Une leçon de maintient...
Arwen pilotait la Corvette avec aisance, tout en souplesse, à une allure très rapide mais fluide. Buffy d’abord impressionnée par la vitesse à laquelle défilaient les rues de Sunnydale, se détendit constatant la maîtrise de l’Elfe.
Elles arrivèrent devant l'immeuble où vivait Oz, une bâtisse décrépite, murs lépreux, fenêtres sales, située dans un quartier mal famé de Sunnydale. Le genre d'endroit où l'on ne s'attardait pas une fois la nuit venue… ni même de jour d’ailleurs. Arwen se gara le long du trottoir, la carrosserie rutilante de son bolide contrastait de manière saisissante avec la grisaille ambiante.
En face, devant un magasin abandonné, un groupe d'hommes, accoudés au capot d'une vieille voiture cabossée, les observaient avec insistance. Ils discutaient, ponctuant leurs phrases de rires gras. Leurs regards ne quittaient pas la direction de la voiture et surtout… de ses occupantes.

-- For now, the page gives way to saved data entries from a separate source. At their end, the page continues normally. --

lemma not_kernel_trivial_if_mat_kernel:
  assumes h: "bij_betw h {0..<n} X"
    and v: "v \<in> carrier_vec n" "v \<noteq> 0\<^sub>v n" "mat n n (\<lambda>(i, j). M (h i) (h j)) *\<^sub>v v = 0\<^sub>v n"
  shows "\<not> kernel_trivial M X"
proof -
  define u where "u i = (if i \<in> X then v $ (inv_into {0..<n} h i) else 0)" for i
  have uh: "u (h l) = v $ l" if "l < n" for l
    using that h by (auto simp: u_def bij_betw_def inv_into_f_f)
  have vu: "vec n (\<lambda>l. u (h l)) = v"
  proof (rule eq_vecI)
    fix l assume "l < dim_vec v"
    then show "vec n (\<lambda>l. u (h l)) $ l = v $ l" using v(1) uh by simp
  qed (use v(1) in simp)
  have "\<forall>i\<in>X. (\<Sum>j\<in>X. M i j * u j) = 0"
  proof
    fix i assume "i \<in> X"
    then obtain k where k: "k < n" "h k = i" using h by (auto simp: bij_betw_def)
    have "(\<Sum>j\<in>X. M i j * u j) = (mat n n (\<lambda>(i, j). M (h i) (h j)) *\<^sub>v v) $ k"
      using mat_mult_vec_reindex[OF h k(1), of M u] unfolding vu k(2) by (rule sym)
    also have "\<dots> = 0" using v(3) k(1) by simp
    finally show "(\<Sum>j\<in>X. M i j * u j) = 0" .
  qed
  moreover have "\<forall>i. i \<notin> X \<longrightarrow> u i = 0" by (simp add: u_def)
  moreover obtain l where l: "l < n" "v $ l \<noteq> 0"
  proof -
    have "\<not> (\<forall>l<n. v $ l = 0)"
    proof
      assume zero: "\<forall>l<n. v $ l = 0"
      have "v = 0\<^sub>v n"
      proof (rule eq_vecI)
        fix l assume "l < dim_vec (0\<^sub>v n :: bit vec)"
        then show "v $ l = 0\<^sub>v n $ l" using zero by simp
      qed (use v(1) in simp)
      then show False using v(2) by contradiction
    qed
    then show ?thesis using that by blast
  qed
  then have "u (h l) \<noteq> 0" using uh by simp
  ultimately show ?thesis unfolding kernel_trivial_def by blast
qed

lemma mat_kernel_if_not_kernel_trivial:
  assumes h: "bij_betw h {0..<n} X" and "\<not> kernel_trivial M X"
  shows "\<exists>v. v \<in> carrier_vec n \<and> v \<noteq> 0\<^sub>v n \<and> mat n n (\<lambda>(i, j). M (h i) (h j)) *\<^sub>v v = 0\<^sub>v n"
proof -
  obtain u i where u0: "\<forall>i. i \<notin> X \<longrightarrow> u i = 0" and uk: "\<forall>i\<in>X. (\<Sum>j\<in>X. M i j * u j) = 0"
    and ui: "u i \<noteq> 0" using assms(2) unfolding kernel_trivial_def by blast
  define v where "v = vec n (\<lambda>l. u (h l))"
  have "i \<in> h ` {0..<n}" using h ui u0 by (auto simp: bij_betw_def)
  then obtain k where k: "k < n" "h k = i" by auto
  then have "v $ k \<noteq> 0" using ui by (simp add: v_def)
  have "v \<noteq> 0\<^sub>v n"
  proof
    assume "v = 0\<^sub>v n"
    then have "v $ k = 0" using k(1) by simp
    then show False using \<open>v $ k \<noteq> 0\<close> by contradiction
  qed
  moreover have "mat n n (\<lambda>(i, j). M (h i) (h j)) *\<^sub>v v = 0\<^sub>v n"
  proof (rule eq_vecI)
    fix l assume "l < dim_vec (0\<^sub>v n :: bit vec)"
    then have l: "l < n" by simp
    have "(mat n n (\<lambda>(i, j). M (h i) (h j)) *\<^sub>v v) $ l = (\<Sum>j\<in>X. M (h l) j * u j)"
      unfolding v_def by (rule mat_mult_vec_reindex[OF h l])
    also have "\<dots> = 0" using uk h l by (auto simp: bij_betw_def)
    finally show "(mat n n (\<lambda>(i, j). M (h i) (h j)) *\<^sub>v v) $ l = 0\<^sub>v n $ l" using l by simp
  qed simp
  moreover have "v \<in> carrier_vec n" by (simp add: v_def)
  ultimately show ?thesis by blast
qed

lemma det_bit_nonzero_iff_kernel_trivial:
  assumes "finite X"
  shows "det_bit M X \<noteq> 0 \<longleftrightarrow> kernel_trivial M X"
proof -
  obtain h where h: "bij_betw h {0..<card X} X" using ex_bij_betw_nat_finite[OF assms] ..
  define N where "N = mat (card X) (card X) (\<lambda>(i, j). M (h i) (h j))"
  have "det N = det_bit M X" unfolding N_def by (rule det_mat_eq_det_bit[OF h])
  moreover have "(\<exists>v. v \<in> carrier_vec (card X) \<and> v \<noteq> 0\<^sub>v (card X) \<and> N *\<^sub>v v = 0\<^sub>v (card X))
      \<longleftrightarrow> \<not> kernel_trivial M X"
    unfolding N_def using not_kernel_trivial_if_mat_kernel[OF h] mat_kernel_if_not_kernel_trivial[OF h] by blast
  ultimately show ?thesis using det_0_iff_vec_prod_zero_field[of N "card X"] by (simp add: N_def)
qed

lemma det_bit_eq_rows:
  assumes X: "finite X" "r \<in> X" "s \<in> X" "r \<noteq> s" and rs: "\<And>j. M r j = M s j"
  shows "det_bit M X = 0"
proof -
  \<comment> \<open>the indicator of r and s lies in the kernel of the transpose\<close>
  define v :: "'a \<Rightarrow> bit" where "v i = of_bool (i \<in> {r, s})" for i
  have "(\<Sum>j\<in>X. M j i * v j) = 0" for i
  proof -
    have "(\<Sum>j\<in>X. M j i * v j) = (\<Sum>j\<in>{r, s}. M j i * v j)"
      by (rule sum.mono_neutral_right) (use X in \<open>auto simp: v_def\<close>)
    also have "\<dots> = M r i + M s i" using X(4) by (simp add: v_def del: mult_bit_eq_and)
    finally show ?thesis by (simp only: rs bit_add_self)
  qed
  moreover have "\<forall>i. i \<notin> X \<longrightarrow> v i = 0" using X(2,3) by (auto simp: v_def)
  moreover have "v r \<noteq> 0" by (simp add: v_def)
  ultimately have "\<not> kernel_trivial (\<lambda>i j. M j i) X"
    unfolding kernel_trivial_def by blast
  then have "det_bit (\<lambda>i j. M j i) X = 0"
    using det_bit_nonzero_iff_kernel_trivial[OF X(1)] by blast
  then show ?thesis unfolding det_bit_transpose[OF X(1), of M] .
qed
(* Consider on the $\mathbb{Z}^2$ graph the system ($m\mathcal{H}1$) $$u_2=v+t\frac{p-q}{s-t},\qquad v_1=u+s\frac{p-q}{s-t},\qquad s_2=\frac{1}{t}+\frac{p-q}{t(u-v)},\qquad t_1=\frac{1}{s}+\frac{p-q}{s(u-v)}.$$ This bond system corresponds to the vertex system ($d$-$H2$) $$2(z_{12}-z)(x_2-x_1)+(p-q)(x_1+x_2)=0,\qquad 2(x_{12}-x)(z_2-z_1)+(p-q)(x_{12}+x)=0,$$ in the sense that, writing $s=x_1/x$, $t=x_2/x$, $u=z_1+z-\frac{p}{2}$, $v=z_2+z-\frac{q}{2}$ with potential functions $x,z$ on the vertices, the system $m\mathcal{H}1$ becomes exactly $d$-$H2$; moreover the vertex system $d$-$H2$ is 3D-compatible.
   Context: $u,s$ are functions on horizontal edges $\{(m,n),(m+1,n)\}$ and $v,t$ on vertical edges $\{(m,n),(m,n+1)\}$ of the $\mathbb{Z}^2$ graph; for a square with lower-left vertex $(m,n)$, $u,s$ sit on the bottom edge, $v,t$ on the left edge, $u_2,s_2$ on the top edge, $v_1,t_1$ on the right edge; $p$ depends only on $m$, $q$ only on $n$. For vertex functions, $x=x_{m,n}$, $x_1=x_{m+1,n}$, $x_2=x_{m,n+1}$, $x_{12}=x_{m+1,n+1}$, and similarly for $z$. A two-component vertex system on $\mathbb{Z}^2$ is 3D-compatible if, when it is imposed on every face of a cube in $\mathbb{Z}^3$ (with lattice parameters $p_1,p_2,p_3$ attached to the three directions), the values $(x_{123},z_{123})$ at the vertex opposite to the origin computed in the three possible ways coincide. *)

theory Defs
  imports Main
begin

text \<open>The bond system mH1 on one square: u, s on the bottom edge, v, t on the left edge,
  u2, s2 on the top edge, v1, t1 on the right edge; p, q the lattice parameters.\<close>
definition mH1 :: "'a::field \<Rightarrow> 'a \<Rightarrow> 'a \<Rightarrow> 'a \<Rightarrow> 'a \<Rightarrow> 'a \<Rightarrow> 'a \<Rightarrow> 'a \<Rightarrow> 'a \<Rightarrow> 'a \<Rightarrow> bool" where
  "mH1 p q u v s t u2 v1 s2 t1 \<longleftrightarrow>
     u2 = v + t * (p - q) / (s - t) \<and>
     v1 = u + s * (p - q) / (s - t) \<and>
     s2 = 1 / t + (p - q) / (t * (u - v)) \<and>
     t1 = 1 / s + (p - q) / (s * (u - v))"

definition dH2 :: "'a::field \<Rightarrow> 'a \<Rightarrow> 'a \<Rightarrow> 'a \<Rightarrow> 'a \<Rightarrow> 'a \<Rightarrow> 'a \<Rightarrow> 'a \<Rightarrow> 'a \<Rightarrow> 'a \<Rightarrow> bool" where
  "dH2 p q x x1 x2 x12 z z1 z2 z12 \<longleftrightarrow>
     2 * (z12 - z) * (x2 - x1) + (p - q) * (x1 + x2) = 0 \<and>
     2 * (x12 - x) * (z2 - z1) + (p - q) * (x12 + x) = 0"

text \<open>A two-component vertex system Q p q x x1 x2 x12 z z1 z2 z12.
  (X, Z) is the value at the fourth vertex computed from the face, i.e. the unique solution.\<close>
definition face_sol :: "('a \<Rightarrow> 'a \<Rightarrow> 'a \<Rightarrow> 'a \<Rightarrow> 'a \<Rightarrow> 'a \<Rightarrow> 'a \<Rightarrow> 'a \<Rightarrow> 'a \<Rightarrow> 'a \<Rightarrow> bool)
    \<Rightarrow> 'a \<Rightarrow> 'a \<Rightarrow> 'a \<Rightarrow> 'a \<Rightarrow> 'a \<Rightarrow> 'a \<Rightarrow> 'a \<Rightarrow> 'a \<Rightarrow> 'a \<Rightarrow> 'a \<Rightarrow> bool" where
  "face_sol Q p q x x1 x2 z z1 z2 X Z \<longleftrightarrow>
     Q p q x x1 x2 X z z1 z2 Z \<and>
     (\<forall>X' Z'. Q p q x x1 x2 X' z z1 z2 Z' \<longrightarrow> X' = X \<and> Z' = Z)"

text \<open>3D-compatibility: impose Q on every face of a cube (parameters p1 p2 p3 for the three
  directions); whenever all face computations are well defined, the three values of
  (x123, z123) coincide.\<close>
definition three_d_compatible ::
    "('a \<Rightarrow> 'a \<Rightarrow> 'a \<Rightarrow> 'a \<Rightarrow> 'a \<Rightarrow> 'a \<Rightarrow> 'a \<Rightarrow> 'a \<Rightarrow> 'a \<Rightarrow> 'a \<Rightarrow> bool) \<Rightarrow> bool" where
  "three_d_compatible Q \<longleftrightarrow>
     (\<forall>p1 p2 p3 x x1 x2 x3 z z1 z2 z3 x12 x13 x23 z12 z13 z23 a1 b1 a2 b2 a3 b3.
        face_sol Q p1 p2 x x1 x2 z z1 z2 x12 z12 \<and>
        face_sol Q p1 p3 x x1 x3 z z1 z3 x13 z13 \<and>
        face_sol Q p2 p3 x x2 x3 z z2 z3 x23 z23 \<and>
        face_sol Q p1 p2 x3 x13 x23 z3 z13 z23 a1 b1 \<and>
        face_sol Q p1 p3 x2 x12 x23 z2 z12 z23 a2 b2 \<and>
        face_sol Q p2 p3 x1 x12 x13 z1 z12 z13 a3 b3
        \<longrightarrow> a1 = a2 \<and> a2 = a3 \<and> b1 = b2 \<and> b2 = b3)"

end

theory Submission
  imports Defs
begin

text \<open>Under the potential substitution each equation of mH1, once its denominators are cleared,
  becomes one of the two equations of d-H2: the equations for u2 and v1 give the first, those for
  s2 and t1 the second.

  On a face, d-H2 determines z12 from x1, x2 and x12 from z1, z2. Eliminating the faces through
  the origin, each of the three values of x123 becomes the ratio of the 3x3 determinants with rows
  (1, x_i, p_i x_i) and (1, x_i, p_i), and each value of z123 a ratio of alternating functions of
  the pairs (z_i, p_i). These ratios are invariant under permutations of the three directions, so
  the three values coincide.\<close>

lemma eq_iff_scaled_diff_eq_0:
  fixes c :: "'a::field"
  assumes "c \<noteq> 0" and "c * (L - R) = E"
  shows "L = R \<longleftrightarrow> E = 0"
  using assms by auto
text \<open>Reactions of a component Y+S_0 <=> U_1 -> Y+S_1 <=> ... <=> U_L -> Y+S_L.\<close>
definition rA :: "'sp \<Rightarrow> (nat \<Rightarrow> 'sp) \<Rightarrow> (nat \<Rightarrow> 'sp) \<Rightarrow> nat \<Rightarrow> 'sp reaction" where
  "rA Y S U j = (cplus (cunit Y) (cunit (S (j - 1))), cunit (U j))"
definition rB :: "'sp \<Rightarrow> (nat \<Rightarrow> 'sp) \<Rightarrow> (nat \<Rightarrow> 'sp) \<Rightarrow> nat \<Rightarrow> 'sp reaction" where
  "rB Y S U j = (cunit (U j), cplus (cunit Y) (cunit (S (j - 1))))"
definition rC :: "'sp \<Rightarrow> (nat \<Rightarrow> 'sp) \<Rightarrow> (nat \<Rightarrow> 'sp) \<Rightarrow> nat \<Rightarrow> 'sp reaction" where
  "rC Y S U j = (cunit (U j), cplus (cunit Y) (cunit (S j)))"

definition chain_reactions :: "'sp \<Rightarrow> (nat \<Rightarrow> 'sp) \<Rightarrow> (nat \<Rightarrow> 'sp) \<Rightarrow> nat \<Rightarrow> 'sp reaction set" where
  "chain_reactions Y S U L = (\<Union>j\<in>{1..L}. {rA Y S U j, rB Y S U j, rC Y S U j})"

definition species_of :: "'sp reaction set \<Rightarrow> 'sp set" where
  "species_of R = {s. \<exists>r\<in>R. fst r s > 0 \<or> snd r s > 0}"

text \<open>Hypothesis (H1): the network R is the disjoint union of the components indexed by I,
  component c being Y c + S c 0 <=> U c 1 -> ... <=> U c (L c) -> Y c + S c (L c).\<close>
definition H1 :: "('sp::finite) reaction set \<Rightarrow> 'c set \<Rightarrow> ('c \<Rightarrow> nat) \<Rightarrow> ('c \<Rightarrow> 'sp) \<Rightarrow>
    ('c \<Rightarrow> nat \<Rightarrow> 'sp) \<Rightarrow> ('c \<Rightarrow> nat \<Rightarrow> 'sp) \<Rightarrow> bool" where
  "H1 R I L Y S U \<longleftrightarrow>
     finite I \<and>
     (\<forall>c\<in>I. L c \<ge> 1) \<and>
     R = (\<Union>c\<in>I. chain_reactions (Y c) (S c) (U c) (L c)) \<and>
     \<comment> \<open>intermediate species are all distinct throughout the network\<close>
     inj_on (\<lambda>(c, j). U c j) {(c, j). c \<in> I \<and> j \<in> {1..L c}} \<and>
     \<comment> \<open>intermediates are not enzymes or substrates/products anywhere\<close>
     (\<forall>c\<in>I. \<forall>j\<in>{1..L c}. \<forall>c'\<in>I. U c j \<noteq> Y c' \<and> (\<forall>j'\<in>{0..L c'}. U c j \<noteq> S c' j')) \<and>
     \<comment> \<open>substrates/products of a component are pairwise distinct\<close>
     (\<forall>c\<in>I. inj_on (S c) {0..L c}) \<and>
     \<comment> \<open>each complex lies in a unique connected component\<close>
     (\<forall>c\<in>I. \<forall>c'\<in>I. c \<noteq> c' \<longrightarrow> (\<forall>j\<in>{0..L c}. \<forall>j'\<in>{0..L c'}.
        cplus (cunit (Y c)) (cunit (S c j)) \<noteq> cplus (cunit (Y c')) (cunit (S c' j'))))"

text \<open>Hypothesis (H2): partition of the species into classes 0..M (M >= 2), class 0 being the
  intermediates, given by a class-index function P.\<close>
definition H2 :: "('sp::finite) reaction set \<Rightarrow> 'c set \<Rightarrow> ('c \<Rightarrow> nat) \<Rightarrow> ('c \<Rightarrow> 'sp) \<Rightarrow>
    ('c \<Rightarrow> nat \<Rightarrow> 'sp) \<Rightarrow> ('c \<Rightarrow> nat \<Rightarrow> 'sp) \<Rightarrow> bool" where
  "H2 R I L Y S U \<longleftrightarrow>
     (\<exists>M::nat. \<exists>P :: 'sp \<Rightarrow> nat. M \<ge> 2 \<and>
        (\<forall>s\<in>species_of R. P s \<le> M) \<and>
        (\<forall>\<alpha>\<le>M. \<exists>s\<in>species_of R. P s = \<alpha>) \<and>
        (\<forall>s\<in>species_of R. P s = 0 \<longleftrightarrow> (\<exists>c\<in>I. \<exists>j\<in>{1..L c}. s = U c j)) \<and>
        (\<forall>c\<in>I. \<exists>\<alpha>\<ge>1. (\<forall>j\<in>{0..L c}. P (S c j) = \<alpha>) \<and> P (Y c) \<noteq> \<alpha>))"
lemma subspace_Union_chain:
  assumes "C \<noteq> {}" and sub: "\<And>S. S \<in> C \<Longrightarrow> subspace scale S"
    and chain: "\<And>S T. S \<in> C \<Longrightarrow> T \<in> C \<Longrightarrow> S \<subseteq> T \<or> T \<subseteq> S"
  shows "subspace scale (\<Union>C)"
  unfolding subspace_def
proof (intro conjI ballI allI)
  obtain S where "S \<in> C" using \<open>C \<noteq> {}\<close> by blast
  then show "0 \<in> \<Union>C" using subspace_zero[OF sub] by blast
next
  fix u w assume "u \<in> \<Union>C" "w \<in> \<Union>C"
  then obtain S T where ST: "S \<in> C" "T \<in> C" and "u \<in> S" "w \<in> T" by blast
  then have "u + w \<in> S \<or> u + w \<in> T"
    using chain[OF ST] subspace_add[OF sub[OF ST(1)]] subspace_add[OF sub[OF ST(2)]] by blast
  then show "u + w \<in> \<Union>C" using ST by blast
next
  fix a u assume "u \<in> \<Union>C"
  then obtain S where "S \<in> C" "u \<in> S" by blast
  then show "scale a u \<in> \<Union>C" using subspace_scale[OF sub] by blast
qed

Arwen eut un léger soupir de lassitude….
- Je crois qu'il vaut mieux régler ce petit problème tout de suite, avant qu'il ne devienne vraiment... irritant, dit-elle pour elle-même.
Elle descendit de voiture et, la démarche assurée, se dirigea droit vers le groupe. Buffy, lui emboîta le pas, pressentant le grabuge…
Arwen se planta devant celui qui paraissait être le meneur – une sorte de gorille en beaucoup moins avenant, crâne rasé, tatouages grossiers sur des bras épais – qui la dévisagea de haut en bas, avant de passer une langue épaisse sur ses lèvres.
- Tiens, tiens... Qu'est-ce qu'on a là ? Deux jolies poupées qui se sont perdues ? Vous inquiétez pas, les filles, on va bien s'occuper de vous. Je sens qu'on va passer un très bon moment ensemble. Et après moi, les gars, vous pourrez vous amuser aussi. Y en aura pour tout le monde ! Lança-t-il à sa bande.
Il commença à expliquer de manière très imagée, très détaillée et très peu poétique ce qu'il attendait d’Arwen et plus particulièrement de sa bouche. Il en salivait. Il commençait à expliquer le rôle assigné à Buffy mais ne put finir sa phrase. Une onde de choc le projeta violemment en arrière, il alla percuter la grille de l’ancien magasin. Alors que, sonné, il tentait de se relever, il sentit une étreinte invisible se resserrer autour de sa gorge. Il suffoquait.
L’ignorant superbement, Arwen s’avança vers le reste de la bande. Ses yeux flamboyaient mais sa voix était douce, presque sensuelle.
- Messieurs... Je vous suggère, pour votre propre bien-être et votre longévité, de veiller attentivement sur ma voiture. J'aimerais beaucoup la retrouver en parfait état. Le moindre accroc, la plus petite éraflure, me contrarierait énormément. Et vous ne voulez vraiment pas me mettre en colère, n'est-ce pas ?
Les hommes, devenus très dociles, hochèrent la tête vigoureusement, et assurèrent Arwen de leur dévouement total.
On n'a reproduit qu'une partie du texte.